**EXERCISE AIM**
Copy each line from the data that has the word "this" in it.

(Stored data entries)
···

lemma centralizer_diff: "b \<in> centralizer a \<Longrightarrow> c \<in> centralizer a \<Longrightarrow> b - c \<in> centralizer a"
  by (simp add: centralizer_def left_diff_distrib right_diff_distrib)

lemma centralizer_mult:
  assumes "b \<in> centralizer a" "c \<in> centralizer a"
  shows "b * c \<in> centralizer a"
proof -
  have "a * (b * c) = (b * a) * c"
    using assms(1) by (simp add: centralizer_def mult.assoc[symmetric])
  also have "\<dots> = (b * c) * a"
    using assms(2) by (simp add: centralizer_def mult.assoc)
  finally show ?thesis by (simp add: centralizer_def)
qed

lemma centralizer_power: "b \<in> centralizer a \<Longrightarrow> b ^ m \<in> centralizer a"
  by (induction m) (simp_all add: centralizer_one centralizer_mult)

lemma centralizer_sum: "(\<And>x. x \<in> A \<Longrightarrow> f x \<in> centralizer a) \<Longrightarrow> sum f A \<in> centralizer a"
  by (simp add: centralizer_def sum_distrib_left sum_distrib_right)

lemma central_in_centralizer: "\<forall>s b. \<phi> s * b = b * \<phi> s \<Longrightarrow> \<phi> s \<in> centralizer a"
  by (simp add: centralizer_def)

lemma power_mult_distrib_commuting:
  assumes "(x::'a::ring_1) * y = y * x"
  shows "(x * y) ^ i = x ^ i * y ^ i"
proof (induction i)
  case (Suc i)
  have "(x * y) ^ Suc i = x * (y * x ^ i) * y ^ i"
    using Suc by (simp add: mult.assoc)
  also have "\<dots> = x * (x ^ i * y) * y ^ i"
    using power_commuting_commutes[OF assms, of i] by simp
  also have "\<dots> = x ^ Suc i * y ^ Suc i"
    by (simp add: mult.assoc)
  finally show ?case .
qed simp

text \<open>Summing the two relations gives \<open>x + y\<close>; multiplying them (moving \<open>T\<close> past \<open>x\<close>, then
  past \<open>y\<close>) leaves \<open>y C - C y\<close>, which vanishes.\<close>
lemma sum_prod_in_centralizer_of_twisted:
  fixes x y T C :: "'a::ring_1"
  assumes xy: "x * y = y * x" and Ty: "T * y = x * T + C" and Tx: "T * x = y * T - C"
    and yC: "y * C = C * y"
  shows "x + y \<in> centralizer T" and "x * y \<in> centralizer T"
proof -
  show "x + y \<in> centralizer T"
    by (simp add: centralizer_def distrib_left distrib_right Ty Tx)
  have "T * (x * y) = (y * T - C) * y"
    by (simp add: Tx mult.assoc[symmetric])
  also have "\<dots> = y * (x * T + C) - C * y"
    by (simp add: left_diff_distrib mult.assoc Ty)
  also have "\<dots> = (x * y) * T"
    by (simp add: distrib_left yC mult.assoc[symmetric] xy)
  finally show "x * y \<in> centralizer T"
    by (simp add: centralizer_def)
qed
text \<open>\<open>R\<^sub>n(w) = y\<^sub>n(2w)\<close> for the Bessel polynomial \<open>y\<^sub>n\<close>, so this is Bessel's equation
  \<open>x\<^sup>2y'' + (2x + 2)y' = n(n+1)y\<close> in the variable \<open>w\<close>.\<close>
lemma Rpoly_ode:
  "w\<^sup>2 * Rpoly_deriv2 n w + (2 * w + 1) * Rpoly_deriv n w = real n * (real n + 1) * Rpoly n w"
proof -
  have euler: "w\<^sup>2 * Rpoly_deriv2 n w + 2 * w * Rpoly_deriv n w
      = (\<Sum>m\<le>n. real m * (real m + 1) * Rpoly_coeff n m * w ^ m)"
    unfolding Rpoly_deriv2_def Rpoly_deriv_def sum_distrib_left sum.distrib[symmetric]
  proof (intro sum.cong refl)
    fix m
    show "w\<^sup>2 * (Rpoly_coeff n m * (real m * (real (m - 1) * w ^ (m - 2))))
        + 2 * w * (Rpoly_coeff n m * (real m * w ^ (m - 1)))
        = real m * (real m + 1) * Rpoly_coeff n m * w ^ m"
      by (cases m; cases "m - 1") (auto simp: power2_eq_square algebra_simps)
  qed
  have "(\<Sum>m\<le>n. real m * (real m + 1) * Rpoly_coeff n m * w ^ m) + Rpoly_deriv n w
      = (\<Sum>m\<le>n. real n * (real n + 1) * Rpoly_coeff n m * w ^ m)"
    unfolding Rpoly_deriv_eq lessThan_Suc_atMost[symmetric] sum.lessThan_Suc
    by (simp add: sum.distrib[symmetric] of_nat_diff algebra_simps)
  then show ?thesis
    using euler by (simp add: Rpoly_eq_sum_coeff sum_distrib_left algebra_simps)
qed

lemma Rpoly_ge_1: "w \<ge> 0 \<Longrightarrow> Rpoly n w \<ge> 1"
proof -
  assume "w \<ge> 0"
  have "Rpoly n w = 1 + (\<Sum>m\<in>{1..n}. Rpoly_coeff n m * w ^ m)"
    unfolding Rpoly_eq_sum_coeff atMost_atLeast0
    by (simp add: sum.atLeast_Suc_atMost Rpoly_coeff_def)
  also have "\<dots> \<ge> 1"
    using \<open>w \<ge> 0\<close> Rpoly_coeff_nonneg by (simp add: sum_nonneg)
  finally show ?thesis .
qed

lemma Rpoly_deriv_nonneg: "w \<ge> 0 \<Longrightarrow> Rpoly_deriv n w \<ge> 0"
  unfolding Rpoly_deriv_def using Rpoly_coeff_nonneg by (simp add: sum_nonneg)

text \<open>At \<open>w = -1/(2\<lambda>)\<close> this is \<open>(d/d\<lambda>) log R\<^sub>n(w)\<close>, so that
  \<open>g\<^sub>n(\<lambda>) = riccati_sol n w + 1 - \<gamma>\<close>.\<close>
definition riccati_sol :: "nat \<Rightarrow> real \<Rightarrow> real" where
  "riccati_sol n w = 2 * w\<^sup>2 * Rpoly_deriv n w / Rpoly n w"

lemma riccati_sol_0 [simp]: "riccati_sol n 0 = 0"
  by (simp add: riccati_sol_def)

lemma riccati_sol_nonneg: "w \<ge> 0 \<Longrightarrow> riccati_sol n w \<ge> 0"
  unfolding riccati_sol_def using Rpoly_ge_1[of w n] Rpoly_deriv_nonneg[of w n] by simp

lemma continuous_on_riccati_sol: "continuous_on {0..} (riccati_sol n)"
proof -
  have "continuous_on {0..} (Rpoly n)" "continuous_on {0..} (Rpoly_deriv n)"
    using has_real_derivative_Rpoly has_real_derivative_Rpoly_deriv
    by (meson DERIV_isCont continuous_at_imp_continuous_on)+
  then show ?thesis
    unfolding riccati_sol_def[abs_def] using Rpoly_ge_1[of _ n]
    by (intro continuous_intros) force+
qed

definition riccati_rhs :: "real \<Rightarrow> real \<Rightarrow> real \<Rightarrow> real" where
  "riccati_rhs N w s = (4 * N * w\<^sup>2 - s\<^sup>2 - 2 * s) / (2 * w\<^sup>2)"

lemma has_real_derivative_riccati_sol:
  assumes "w > 0"
  shows "(riccati_sol n has_real_derivative
           riccati_rhs (real n * (real n + 1)) w (riccati_sol n w)) (at w)"
proof -
  define R R' R'' N where "R = Rpoly n w" and "R' = Rpoly_deriv n w"
    and "R'' = Rpoly_deriv2 n w" and "N = real n * (real n + 1)"
  have "R \<ge> 1"
    using Rpoly_ge_1[of w n] assms by (simp add: R_def)
  have "(riccati_sol n has_real_derivative ((4 * w * R' + 2 * w\<^sup>2 * R'') * R - 2 * w\<^sup>2 * R' * R') / R\<^sup>2) (at w)"
    unfolding riccati_sol_def[abs_def] R_def R'_def R''_def using \<open>R \<ge> 1\<close>
    by (auto intro!: derivative_eq_intros has_real_derivative_Rpoly has_real_derivative_Rpoly_deriv
        simp: R_def power2_eq_square algebra_simps)
  moreover have "(4 * w * R' + 2 * w\<^sup>2 * R'') * R - 2 * w\<^sup>2 * R' * R'
      = 2 * N * R\<^sup>2 - 2 * R' * R - 2 * w\<^sup>2 * R'\<^sup>2"
  proof -
    have "(4 * w * R' + 2 * w\<^sup>2 * R'') * R - 2 * w\<^sup>2 * R' * R'
        = 2 * R * (w\<^sup>2 * R'' + (2 * w + 1) * R') - 2 * R' * R - 2 * w\<^sup>2 * R'\<^sup>2"
      by (simp add: power2_eq_square algebra_simps)
    also have "w\<^sup>2 * R'' + (2 * w + 1) * R' = N * R"
      unfolding R_def R'_def R''_def N_def by (rule Rpoly_ode)
    finally show ?thesis
      by (simp add: power2_eq_square)
  qed
  moreover have "(2 * N * R\<^sup>2 - 2 * R' * R - 2 * w\<^sup>2 * R'\<^sup>2) / R\<^sup>2
      = (4 * N * w\<^sup>2 - (2 * w\<^sup>2 * R' / R)\<^sup>2 - 2 * (2 * w\<^sup>2 * R' / R)) / (2 * w\<^sup>2)"
    using \<open>R \<ge> 1\<close> assms by (simp add: field_simps power2_eq_square)
  ultimately show ?thesis
    by (simp add: riccati_rhs_def riccati_sol_def R_def R'_def N_def)
qed

text \<open>At a minimum of \<open>f\<close> on \<open>[a, b]\<close> where \<open>f \<le> 0\<close>, a positive derivative would
  produce smaller values just to the left.\<close>
lemma pos_if_deriv_pos_where_nonpos:
  fixes f :: "real \<Rightarrow> real"
  assumes "a < b" and "continuous_on {a..b} f" and "f a \<ge> 0"
    and deriv: "\<And>x. x \<in> {a<..b} \<Longrightarrow> f x \<le> 0 \<Longrightarrow> \<exists>d>0. (f has_real_derivative d) (at x)"
  shows "f b > 0"
proof (rule ccontr)
  assume "\<not> f b > 0"
  obtain m0 where m0: "m0 \<in> {a..b}" "\<And>y. y \<in> {a..b} \<Longrightarrow> f m0 \<le> f y"
    using continuous_attains_inf[OF compact_Icc _ \<open>continuous_on {a..b} f\<close>] \<open>a < b\<close> by fastforce
  \<comment> \<open>if the minimum sits at \<open>a\<close>, then \<open>f b \<le> 0 \<le> f a\<close> makes \<open>b\<close> a minimum as well\<close>
  define m where "m = (if m0 = a then b else m0)"
  have min: "\<And>y. y \<in> {a..b} \<Longrightarrow> f m \<le> f y"
    using m0 \<open>\<not> f b > 0\<close> \<open>f a \<ge> 0\<close> \<open>a < b\<close> by (force simp: m_def)
  have "m \<in> {a<..b}" "f m \<le> 0"
    using m0 min[of b] \<open>\<not> f b > 0\<close> \<open>a < b\<close> by (auto simp: m_def)
  then obtain d where "d > 0" "(f has_real_derivative d) (at m)"
    using deriv by blast
  then obtain e where "e > 0" and left: "\<And>h. 0 < h \<Longrightarrow> h < e \<Longrightarrow> f (m - h) < f m"
    using DERIV_pos_inc_left by blast
  define h where "h = min (e / 2) ((m - a) / 2)"
  have "0 < h" "h < e" "m - h \<in> {a..b}"
    using \<open>e > 0\<close> \<open>m \<in> {a<..b}\<close> by (auto simp: h_def min_def field_simps)
  then show False
    using left min by force
qed

lemma riccati_sol_less:
  assumes "w > 0" and "n \<ge> 1"
  shows "riccati_sol n w < sqrt (1 + 4 * (real n * (real n + 1)) * w\<^sup>2) - 1"
proof -
  define N where "N = real n * (real n + 1)"
  have "N > 0"
    using \<open>n \<ge> 1\<close> by (simp add: N_def)
  define T where "T x = 4 * N * x\<^sup>2 - (riccati_sol n x)\<^sup>2 - 2 * riccati_sol n x" for x
  have "T w > 0"
  proof (rule pos_if_deriv_pos_where_nonpos[where a = 0 and b = w and f = T])
    show "continuous_on {0..w} T"
      unfolding T_def by (intro continuous_intros continuous_on_subset[OF continuous_on_riccati_sol]) auto
    fix x
    assume x: "x \<in> {0<..w}" and "T x \<le> 0"
    define s where "s = riccati_sol n x"
    have "(T has_real_derivative 8 * N * x - (2 * s + 2) * riccati_rhs N x s) (at x)"
      unfolding T_def[abs_def] s_def N_def using x
      by (auto intro!: derivative_eq_intros has_real_derivative_riccati_sol simp: algebra_simps)
    moreover have "riccati_rhs N x s \<le> 0"
      using \<open>T x \<le> 0\<close> unfolding riccati_rhs_def T_def s_def
      by (intro divide_nonpos_nonneg) auto
    then have "(2 * s + 2) * riccati_rhs N x s \<le> 0"
      using riccati_sol_nonneg[of x n] x by (simp add: s_def mult_nonneg_nonpos)
    then have "8 * N * x - (2 * s + 2) * riccati_rhs N x s > 0"
      using x \<open>N > 0\<close> by (smt (verit) mult_pos_pos greaterThanAtMost_iff)
    ultimately show "\<exists>d>0. (T has_real_derivative d) (at x)"
      by blast
  qed (use \<open>w > 0\<close> in \<open>simp_all add: T_def\<close>)
  then have "(riccati_sol n w + 1)\<^sup>2 < 1 + 4 * N * w\<^sup>2"
    by (simp add: T_def power2_eq_square algebra_simps)
  then show ?thesis
    using riccati_sol_nonneg[of w n] \<open>w > 0\<close> real_less_rsqrt by (force simp: N_def)
qed

text \<open>\<open>4Nx/E - 1\<close> is the slope of the lower barrier \<open>E - 1 - x\<close>.\<close>
lemma riccati_rhs_gt:
  fixes N x s :: real
  defines "E \<equiv> sqrt (1 + 4 * N * x\<^sup>2)"
  assumes "x > 0" and "N \<ge> 0" and "0 \<le> s" and "s \<le> E - 1 - x"
  shows "riccati_rhs N x s > 4 * N * x / E - 1"
proof -
  have E2: "E\<^sup>2 = 1 + 4 * N * x\<^sup>2" and "E > 0"
    using \<open>N \<ge> 0\<close> by (simp_all add: E_def add_pos_nonneg)
  have "s\<^sup>2 + 2 * s \<le> (E - 1 - x)\<^sup>2 + 2 * (E - 1 - x)"
    using assms(4,5) by (intro add_mono power_mono) auto
  also have "\<dots> = 4 * N * x\<^sup>2 - 2 * E * x + x\<^sup>2"
    using E2 by (simp add: power2_eq_square algebra_simps)
  finally have "riccati_rhs N x s \<ge> (2 * E * x - x\<^sup>2) / (2 * x\<^sup>2)"
    unfolding riccati_rhs_def using \<open>x > 0\<close> by (intro divide_right_mono) auto
  also have "(2 * E * x - x\<^sup>2) / (2 * x\<^sup>2) = 4 * N * x / E - 1 + (1 / (x * E) + 1 / 2)"
    using \<open>x > 0\<close> \<open>E > 0\<close> E2 by (simp add: field_simps power2_eq_square)
  finally show ?thesis
    using \<open>x > 0\<close> \<open>E > 0\<close> by (smt (verit) divide_pos_pos mult_pos_pos)
qed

···

**OUTPUT OF THE EXERCISE**
text \<open>\<open>R\<^sub>n(w) = y\<^sub>n(2w)\<close> for the Bessel polynomial \<open>y\<^sub>n\<close>, so this is Bessel's equation
text \<open>At \<open>w = -1/(2\<lambda>)\<close> this is \<open>(d/d\<lambda>) log R\<^sub>n(w)\<close>, so that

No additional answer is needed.